Houston-based Vertex Energy, Inc. (NASDAQ: VTNR) is a specialty refiner of alternative feedstocks and marketer of high-purity petroleum products. Vertex has operations located in Houston and Port Arthur (TX), Marrero (LA) and Heartland (OH). Vertex also co-owns a facility, Myrtle Grove, located on a 41-acre industrial complex along the Gulf Coast in Belle Chasse, LA, with existing hydro-processing and plant infrastructure assets, which include nine million gallons of storage. The Company has built a reputation as a key supplier of Group II+ and Group III base oils to the lubricant manufacturing industry throughout North America.
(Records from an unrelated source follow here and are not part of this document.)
lemma regfun_sum: "finite I \<Longrightarrow> (\<And>i. i \<in> I \<Longrightarrow> u i \<in> regfun X) \<Longrightarrow> (\<lambda>x. \<Sum>i\<in>I. u i x) \<in> regfun X"
proof (induction I rule: finite_induct)
  case empty
  then show ?case using regfun_zero by simp
next
  case (insert i I)
  then show ?case using regfun_add[of "u i" X "\<lambda>x. \<Sum>i\<in>I. u i x"] by simp
qed

lemma regfun_power_mult: "a \<in> regfun X \<Longrightarrow> h \<in> regfun X \<Longrightarrow> (\<lambda>z. a z ^ k * h z) \<in> regfun X"
proof (induction k)
  case 0
  then show ?case by simp
next
  case (Suc k)
  then show ?case using regfun_mult[of a X "\<lambda>z. a z ^ k * h z"] by (simp add: mult.assoc)
qed

lemma regfun_bump:
  assumes x: "x \<in> X" and Y: "finite Y" "Y \<subseteq> X" "x \<notin> Y"
  shows "\<exists>w\<in>regfun X. w x = 1 \<and>
    (\<forall>y\<in>Y. \<exists>a\<in>regfun X. \<exists>b\<in>regfun X. a y = 0 \<and> w = (\<lambda>z. a z ^ k * b z))"
proof -
  have "\<exists>l\<in>polyfun. l x = 1 \<and> l y = 0" if "y \<in> Y" for y
    using polyfun_separates_points[of x y] that Y(3) by auto
  then have "\<forall>y\<in>Y. \<exists>l. l \<in> polyfun \<and> l x = 1 \<and> l y = 0"
    by blast
  from bchoice[OF this] obtain L where L: "\<And>y. y \<in> Y \<Longrightarrow> L y \<in> polyfun \<and> L y x = 1 \<and> L y y = 0"
    by blast
  define w where "w = zero_outside X (\<lambda>z. \<Prod>y\<in>Y. L y z ^ k)"
  have "w \<in> regfun X"
    unfolding w_def using L Y(1) by (simp add: zero_outside_in_regfun polyfun_prod polyfun_power)
  moreover have "w x = 1"
    unfolding w_def zero_outside_def using x L by simp
  moreover have "\<exists>a\<in>regfun X. \<exists>b\<in>regfun X. a y = 0 \<and> w = (\<lambda>z. a z ^ k * b z)" if y: "y \<in> Y" for y
  proof (intro bexI conjI)
    show "w = (\<lambda>z. zero_outside X (L y) z ^ k * zero_outside X (\<lambda>z. \<Prod>y'\<in>Y - {y}. L y' z ^ k) z)"
      unfolding w_def zero_outside_power_mult[symmetric] prod.remove[OF Y(1) y] ..
    show "zero_outside X (L y) y = 0"
      using y Y(2) L unfolding zero_outside_def by auto
    show "zero_outside X (L y) \<in> regfun X"
      using y L zero_outside_in_regfun by blast
    show "zero_outside X (\<lambda>z. \<Prod>y'\<in>Y - {y}. L y' z ^ k) \<in> regfun X"
      by (rule zero_outside_in_regfun, rule polyfun_prod) (use L Y(1) polyfun_power in auto)
  qed
  ultimately show ?thesis by blast
qed

section \<open>Zariski closed sets\<close>

lemma zariski_closed_zero_set: "p \<in> polyfun \<Longrightarrow> zariski_closed {x. p x = 0}"
  unfolding zariski_closed_def by (rule exI[of _ "{p}"]) auto

lemma zariski_closed_empty: "zariski_closed ({}::(complex^'n) set)"
  using zariski_closed_zero_set[OF pf_const[of 1]] by simp

lemma zariski_closed_Un:
  assumes "zariski_closed A" "zariski_closed B"
  shows "zariski_closed (A \<union> B)"
proof -
  obtain S T where ST: "S \<subseteq> polyfun" "T \<subseteq> polyfun"
    and A: "A = {x. \<forall>p\<in>S. p x = 0}" and B: "B = {x. \<forall>p\<in>T. p x = 0}"
    using assms unfolding zariski_closed_def by blast
  define ST where "ST = {(\<lambda>z. s z * t z) | s t. s \<in> S \<and> t \<in> T}"
  have "ST \<subseteq> polyfun"
    unfolding ST_def using ST pf_mult by blast
  moreover have "A \<union> B = {x. \<forall>p\<in>ST. p x = 0}"
  proof (intro equalityI subsetI)
    fix x assume "x \<in> A \<union> B"
    then show "x \<in> {x. \<forall>p\<in>ST. p x = 0}"
      unfolding ST_def A B by auto
  next
    fix x assume x: "x \<in> {x. \<forall>p\<in>ST. p x = 0}"
    show "x \<in> A \<union> B"
    proof (rule ccontr)
      assume "x \<notin> A \<union> B"
      then obtain s t where st: "s \<in> S" "t \<in> T" "s x \<noteq> 0" "t x \<noteq> 0"
        unfolding A B by auto
      then have "(\<lambda>z. s z * t z) \<in> ST"
        unfolding ST_def by blast
      moreover from x have "\<forall>p\<in>ST. p x = 0"
        by simp
      ultimately have "s x * t x = 0"
        by (metis (no_types) bspec)
      then show False
        using st by simp
    qed
  qed
  ultimately show ?thesis
    unfolding zariski_closed_def by blast
qed

lemma zariski_closed_Union:
  "finite \<Z> \<Longrightarrow> (\<And>Z. Z \<in> \<Z> \<Longrightarrow> zariski_closed Z) \<Longrightarrow> zariski_closed (\<Union>\<Z>)"
  by (induction \<Z> rule: finite_induct) (simp_all add: zariski_closed_empty zariski_closed_Un)

lemma zariski_closed_fixed_points:
  assumes "morphism X \<phi>"
  shows "\<exists>Z. zariski_closed Z \<and> (\<forall>z\<in>X. z \<in> Z \<longleftrightarrow> \<phi> z = z)"
proof -
  have "\<forall>i. \<exists>p. p \<in> polyfun \<and> (\<forall>x\<in>X. \<phi> x $ i = p x)"
    using assms unfolding morphism_def by blast
  then obtain P where P: "\<And>i. P i \<in> polyfun" "\<And>i. \<forall>x\<in>X. \<phi> x $ i = P i x"
    using choice[of "\<lambda>i p. p \<in> polyfun \<and> (\<forall>x\<in>X. \<phi> x $ i = p x)"] by blast
  define S where "S = range (\<lambda>i z. P i z - z $ i)"
  have "S \<subseteq> polyfun"
    unfolding S_def using P(1) by (auto intro!: polyfun_diff pf_coord)
  then have "zariski_closed {z. \<forall>p\<in>S. p z = 0}"
    unfolding zariski_closed_def by blast
  moreover have "\<forall>z\<in>X. z \<in> {z. \<forall>p\<in>S. p z = 0} \<longleftrightarrow> \<phi> z = z"
    unfolding S_def using P(2) by (auto simp: vec_eq_iff)
  ultimately show ?thesis
    by (intro exI[of _ "{z. \<forall>p\<in>S. p z = 0}"]) simp
qed

lemma affine_variety_subset_Union:
  assumes X: "affine_variety X" and "finite \<Z>" "\<And>Z. Z \<in> \<Z> \<Longrightarrow> zariski_closed Z" "X \<subseteq> \<Union>\<Z>"
  shows "\<exists>Z\<in>\<Z>. X \<subseteq> Z"
  using assms(2-4)
proof (induction \<Z> rule: finite_induct)
  case empty
  then show ?case using X unfolding affine_variety_def by simp
next
  case (insert Z \<Z>)
  then have "zariski_closed Z" "zariski_closed (\<Union>\<Z>)" "X = (Z \<inter> X) \<union> (\<Union>\<Z> \<inter> X)"
    using zariski_closed_Union[OF insert.hyps(1)] by auto
  then have "X \<subseteq> Z \<or> X \<subseteq> \<Union>\<Z>"
    using X unfolding affine_variety_def by blast
  then show ?case
    using insert by blast
qed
Cautionary Statement Forward-Looking Statements
This press release may contain forward-looking statements, including information about management’s view of Vertex Energy’s future expectations, plans and prospects, within the safe harbor provisions under The Private Securities Litigation Reform Act of 1995 (the “Act”). In particular, when used in the preceding discussion, the words “believes,” “hopes,” “expects,” “intends,” “plans,” “anticipates,” or “may,” and similar conditional expressions are intended to identify forward-looking statements within the meaning of the Act, and are subject to the safe harbor created by the Act. Any statements made in this news release other than those of historical fact, about an action, event or development, are forward-looking statements. These statements involve known and unknown risks, uncertainties and other factors, which may cause the results of Vertex Energy, its divisions and concepts to be materially different than those expressed or implied in such statements. These risk factors and others are included from time to time in documents Vertex Energy files with the Securities and Exchange Commission, including but not limited to, its Form 10-Ks, Form 10-Qs and Form 8-Ks. Other unknown or unpredictable factors also could have material adverse effects on Vertex Energy’s future results. The forward-looking statements included in this press release are made only as of the date hereof. Vertex Energy cannot guarantee future results, levels of activity, performance or achievements. Accordingly, you should not place undue reliance on these forward-looking statements. Finally, Vertex Energy undertakes no obligation to update these statements after the date of this release, except as required by law, and takes no obligation to update or correct information prepared by third parties that are not paid for by Vertex Energy.